= Country Music Greats Radio Show =

Radio show based in Nashville, Tennessee

The Country Music Greats Radio Show, now branded as the Pure American Country Radio Show, is a syndicated radio program recorded in Nashville, Tennessee. The show began in 2003 and covers the United States with 174 affiliate stations as of 2026. The Country Music Greats Radio Show was hosted by Grand Ole Opry legend Jim Ed Brown from its inception until shortly before his death in 2015. Since Brown's death, Bill Cody has hosted the now-rebranded program until his own death in 2026, and after Cody's demise, Zack Bennett was named the host. Brown’s 50 plus years in the music business provided inside knowledge and first-hand accounts of the legends of country music.

==Format==
The Country Music Greats Radio Show is a weekly program that consists of two one-hour segments dedicated to the particular artist or theme of the week. In addition to the weekly one-hour programs, the Country Music Greats Radio Show features the daily Country Music Greats Radio Minute vignette.
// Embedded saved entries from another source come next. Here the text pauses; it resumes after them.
text \<open>Right continuity of F enters here: on the event where \<open>Pm m\<close> holds for all large m, D is
  approximated by the limsup of its approximations in \<open>F (a + 1 / (m + 1))\<close>.\<close>

lemma ae_preimage_on_F_of_Gfilt:
  assumes a: "0 \<le> a" and D: "D \<in> Gfilt Q F \<tau> a"
    and const: "\<And>m \<omega>. \<omega> \<in> space Q \<Longrightarrow> Pm m \<omega> \<Longrightarrow> min (\<tau> \<omega>) (ereal (a + 1 / (real m + 1))) = c m"
    and eventually_Pm: "\<And>\<omega>. \<omega> \<in> space Q \<Longrightarrow> P \<omega> \<Longrightarrow> \<exists>M. \<forall>m\<ge>M. Pm m \<omega>"
  shows "ae_preimage_on (F a) id P D"
proof (rule ae_preimage_on_sigma_sets[OF sigma_algebra_F[OF a] _ _ D[unfolded Gfilt_eq]])
  show "\<forall>\<omega>\<in>space Q. id \<omega> \<in> space Q" by simp
  fix E assume "E \<in> null_sigma Q (tau_Finf Q F \<tau>) \<union> F_right a"
  then show "ae_preimage_on (F a) id P E"
  proof
    assume "E \<in> null_sigma Q (tau_Finf Q F \<tau>)"
    from ae_preimage_on_null_sigma[OF sigma_algebra_F[OF a] _ this] show ?thesis by simp
  next
    assume E: "E \<in> F_right a"
    have "ae_preimage_on (F (a + 1 / (real m + 1))) id (Pm m) E" for m
      using E a const unfolding F_right_def
      by (intro ae_preimage_on_F_where_min_const) (auto simp: add_nonneg_pos)
    then obtain N C where NC: "\<And>m. N m \<in> negligible" "\<And>m. C m \<in> F (a + 1 / (real m + 1))"
      "\<And>m. \<forall>\<omega>\<in>space Q - N m. Pm m \<omega> \<longrightarrow> (\<omega> \<in> E \<longleftrightarrow> \<omega> \<in> C m)"
      unfolding ae_preimage_on_def id_def by metis
    let ?C = "{\<omega>\<in>space Q. \<forall>M. \<exists>m\<ge>M. \<omega> \<in> C m}"
    have "\<omega> \<in> E \<longleftrightarrow> \<omega> \<in> ?C" if \<omega>: "\<omega> \<in> space Q - (\<Union>m. N m)" "P \<omega>" for \<omega>
    proof -
      obtain M where "\<forall>m\<ge>M. Pm m \<omega>" using eventually_Pm \<omega> by blast
      then have "\<omega> \<in> E \<longleftrightarrow> \<omega> \<in> C m" if "M \<le> m" for m using NC(3) \<omega>(1) that by blast
      then show ?thesis using \<omega>(1) by (auto intro: max.cobounded1 max.cobounded2)
    qed
    then show ?thesis unfolding ae_preimage_on_def
      by (intro bexI[of _ "\<Union>m. N m"] bexI[of _ ?C] negligible_UN limsup_in_F[OF a] NC) auto
  qed
qed

lemma Gfilt_before_tau:
  assumes a: "0 \<le> a" and D: "D \<in> Gfilt Q F \<tau> a"
  shows "ae_preimage_on (F a) id (\<lambda>\<omega>. ereal a < \<tau> \<omega>) D"
proof (rule ae_preimage_on_F_of_Gfilt[OF a D,
      where Pm = "\<lambda>m \<omega>. ereal (a + 1 / (real m + 1)) \<le> \<tau> \<omega>" and c = "\<lambda>m. ereal (a + 1 / (real m + 1))"])
  fix \<omega> assume "ereal a < \<tau> \<omega>"
  then show "\<exists>M. \<forall>m\<ge>M. ereal (a + 1 / (real m + 1)) \<le> \<tau> \<omega>"
  proof (cases "\<tau> \<omega>")
    case (real r)
    with \<open>ereal a < \<tau> \<omega>\<close> have "0 < r - a" by simp
    then obtain M where "1 / (real M + 1) < r - a" using ex_one_over_Suc_less by blast
    then show ?thesis using real one_over_Suc_antimono by (intro exI[of _ M]) force
  qed auto
qed (simp add: min_def)

lemma Gfilt_zero_where_tau_zero:
  assumes D: "D \<in> Gfilt Q F \<tau> 0"
  shows "ae_preimage_on (F 0) id (\<lambda>\<omega>. \<tau> \<omega> \<le> 0) D"
  using tau_nonneg
  by (intro ae_preimage_on_F_of_Gfilt[OF _ D, where Pm = "\<lambda>m \<omega>. \<tau> \<omega> \<le> 0" and c = "\<lambda>m. 0"])
     (auto simp: min_def antisym)

definition Rplus :: "ereal measure" where
  "Rplus = restrict_space borel {0..}"

definition F_space :: "real \<Rightarrow> 'a measure" where
  "F_space t = measure_of (space Q) (F t) (\<lambda>_. 0)"

lemma space_Rplus: "space Rplus = {0..}"
  unfolding Rplus_def by (simp add: space_restrict_space)

lemma Int_in_Rplus: "B \<in> sets (borel :: ereal measure) \<Longrightarrow> {0..} \<inter> B \<in> sets Rplus"
  unfolding Rplus_def sets_restrict_space by auto

lemma sets_F_space: "0 \<le> t \<Longrightarrow> sets (F_space t) = F t"
  unfolding F_space_def using sigma_algebra_F by (simp add: sigma_algebra.sets_measure_of_eq)

lemma space_F_space: "0 \<le> t \<Longrightarrow> space (F_space t) = space Q"
  unfolding F_space_def using F_into_space by (auto simp: space_measure_of_conv)

lemma Gfilt_after_tau:
  assumes a: "0 \<le> a" and s: "a < s" and D: "D \<in> Gfilt Q F \<tau> a"
  shows "ae_preimage_on (sets (Rplus \<Otimes>\<^sub>M F_space s)) (\<lambda>\<omega>. (\<tau> \<omega>, \<omega>)) (\<lambda>\<omega>. \<tau> \<omega> \<le> ereal a) D"
proof -
  let ?P = "Rplus \<Otimes>\<^sub>M F_space s"
  have s0: "0 \<le> s" using a s by simp
  have sa: "sigma_algebra (space ?P) (sets ?P)" by (rule sets.sigma_algebra_axioms)
  have g: "\<forall>\<omega>\<in>space Q. (\<tau> \<omega>, \<omega>) \<in> space ?P"
    using tau_nonneg by (simp add: space_pair_measure space_Rplus space_F_space[OF s0])
  have gen: "ae_preimage_on (sets ?P) (\<lambda>\<omega>. (\<tau> \<omega>, \<omega>)) (\<lambda>\<omega>. \<tau> \<omega> \<le> ereal a) E"
    if "E \<in> F s \<union> sigma_rv (space Q) (\<lambda>\<omega>. min (\<tau> \<omega>) (ereal s))" for E
    using that
  proof
    assume "E \<in> F s"
    then have "{0..} \<times> E \<in> sets ?P"
      by (intro pair_measureI) (auto simp: sets_F_space[OF s0] space_Rplus[symmetric])
    moreover have "\<forall>\<omega>\<in>space Q - {}. \<tau> \<omega> \<le> ereal a \<longrightarrow> (\<omega> \<in> E \<longleftrightarrow> (\<tau> \<omega>, \<omega>) \<in> {0..} \<times> E)"
      using tau_nonneg by auto
    ultimately show ?thesis unfolding ae_preimage_on_def using negligible_empty by blast
  next
    assume "E \<in> sigma_rv (space Q) (\<lambda>\<omega>. min (\<tau> \<omega>) (ereal s))"
    then obtain B where B: "B \<in> sets borel" "E = (\<lambda>\<omega>. min (\<tau> \<omega>) (ereal s)) -` B \<inter> space Q"
      unfolding sigma_rv_def by auto
    have "space Q \<in> sets (F_space s)" using sets.top[of "F_space s"] space_F_space[OF s0] by simp
    then have "({0..} \<inter> B) \<times> space Q \<in> sets ?P" using B(1) by (intro pair_measureI Int_in_Rplus)
    moreover have "\<forall>\<omega>\<in>space Q - {}. \<tau> \<omega> \<le> ereal a \<longrightarrow> (\<omega> \<in> E \<longleftrightarrow> (\<tau> \<omega>, \<omega>) \<in> ({0..} \<inter> B) \<times> space Q)"
    proof -
      have "min (\<tau> \<omega>) (ereal s) = \<tau> \<omega>" if "\<tau> \<omega> \<le> ereal a" for \<omega>
        using that s by (simp add: min_def) (meson ereal_less_eq(3) less_imp_le order_trans)
      then show ?thesis using tau_nonneg B(2) by auto
    qed
    ultimately show ?thesis unfolding ae_preimage_on_def using negligible_empty by blast
  qed
  show ?thesis
  proof (rule ae_preimage_on_sigma_sets[OF sa g _ D[unfolded Gfilt_eq]])
    fix E assume "E \<in> null_sigma Q (tau_Finf Q F \<tau>) \<union> F_right a"
    then show "ae_preimage_on (sets ?P) (\<lambda>\<omega>. (\<tau> \<omega>, \<omega>)) (\<lambda>\<omega>. \<tau> \<omega> \<le> ereal a) E"
    proof
      assume "E \<in> F_right a"
      then have "E \<in> sigma_sets (space Q) (F s \<union> sigma_rv (space Q) (\<lambda>\<omega>. min (\<tau> \<omega>) (ereal s)))"
        using s unfolding F_right_def by blast
      then show ?thesis using ae_preimage_on_sigma_sets[OF sa g] gen by blast
    qed (rule ae_preimage_on_null_sigma[OF sa g])
  qed
qed

abbreviation Opt :: "(real \<times> 'a) measure" where
  "Opt \<equiv> optional_measure (space Q) F"

lemma sets_Opt: "sets Opt = sigma_sets ({0..} \<times> space Q)
    {{p\<in>{0..} \<times> space Q. X p \<in> B} | X B. cadlag (space Q) X \<and> adapted (space Q) F X \<and> B \<in> sets (borel :: real measure)}"
  and space_Opt: "space Opt = {0..} \<times> space Q"
  unfolding optional_measure_def by (subst sets_measure_of space_measure_of_conv; auto)+

lemma cadlag_adapted_in_Opt:
  "cadlag (space Q) X \<Longrightarrow> adapted (space Q) F X \<Longrightarrow> B \<in> sets borel \<Longrightarrow>
    {p\<in>{0..} \<times> space Q. X p \<in> B} \<in> sets Opt"
  unfolding sets_Opt by (rule sigma_sets.Basic) auto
Music on the show spans from the 1940s through the present day, with songs from the 2000s and 2010s mostly consisting of neotraditional country recordings dubbed "future classics" and new songs by classic country artists from the 1990s and earlier that may not receive airplay on mainstream or hot country stations.

The show also contains thousands of hours of archival interview tapes, which provides content for the show. The Country Music Greats Radio Show also frequently features new interviews conducted by Jim Ed Brown. Artists who have interviewed with the show include Charley Pride, Bill Anderson, Charlie Louvin, Steve Wariner, Lynn Anderson, David Frizzell, Claude King, and Randy Travis. Toward the end of his life, Brown had shifted to more contemporary and alternative country and Americana acts for interviews; the last two interviews posted on the show's Web site featured Robert Earl Keen and Will Hoge.

==Host==
James Edward Brown's career as a country singer has lasted since the 1950s and evolved successfully as a trio, solo, and as a duet artist. He found stardom in the late 1950s as part The Browns, which consisted of Jim Ed and his sister’s Maxine and Bonnie. The Browns’ hit "The Three Bells" holds the distinction of being the first song to ever simultaneously sit in the number one spot for the country, pop and the R+B charts. After the success of The Browns, Jim Ed went solo in the 1960s and continued to record hits such as "Pop a Top" and "Morning". Starting in the mid-1970s Brown began finding himself at the top of the charts with his duet partner, Helen Cornelius. Brown's career would continue to expand as he became the host for several successful television shows such as The Country Place, Nashville On the Road, Going Our Way, and You Can Be A Star.

Bill Cody was a disc jockey at WSM, flagship station of the Grand Ole Opry. Prior to hosting the Pure American Country Radio Show, Cody had hosted Classic Country Weekend, another syndicated show that had aired on classic country stations. Cody died on June 9, 2026 of kidney and heart failure at the age of 67.

Zack Bennett had joined the program as its producer in 2024. As Cody's illness progressed, he increasingly filled in on new episodes of the program and became its interim host upon Cody's death. Bennett was named permanent host in September 2026.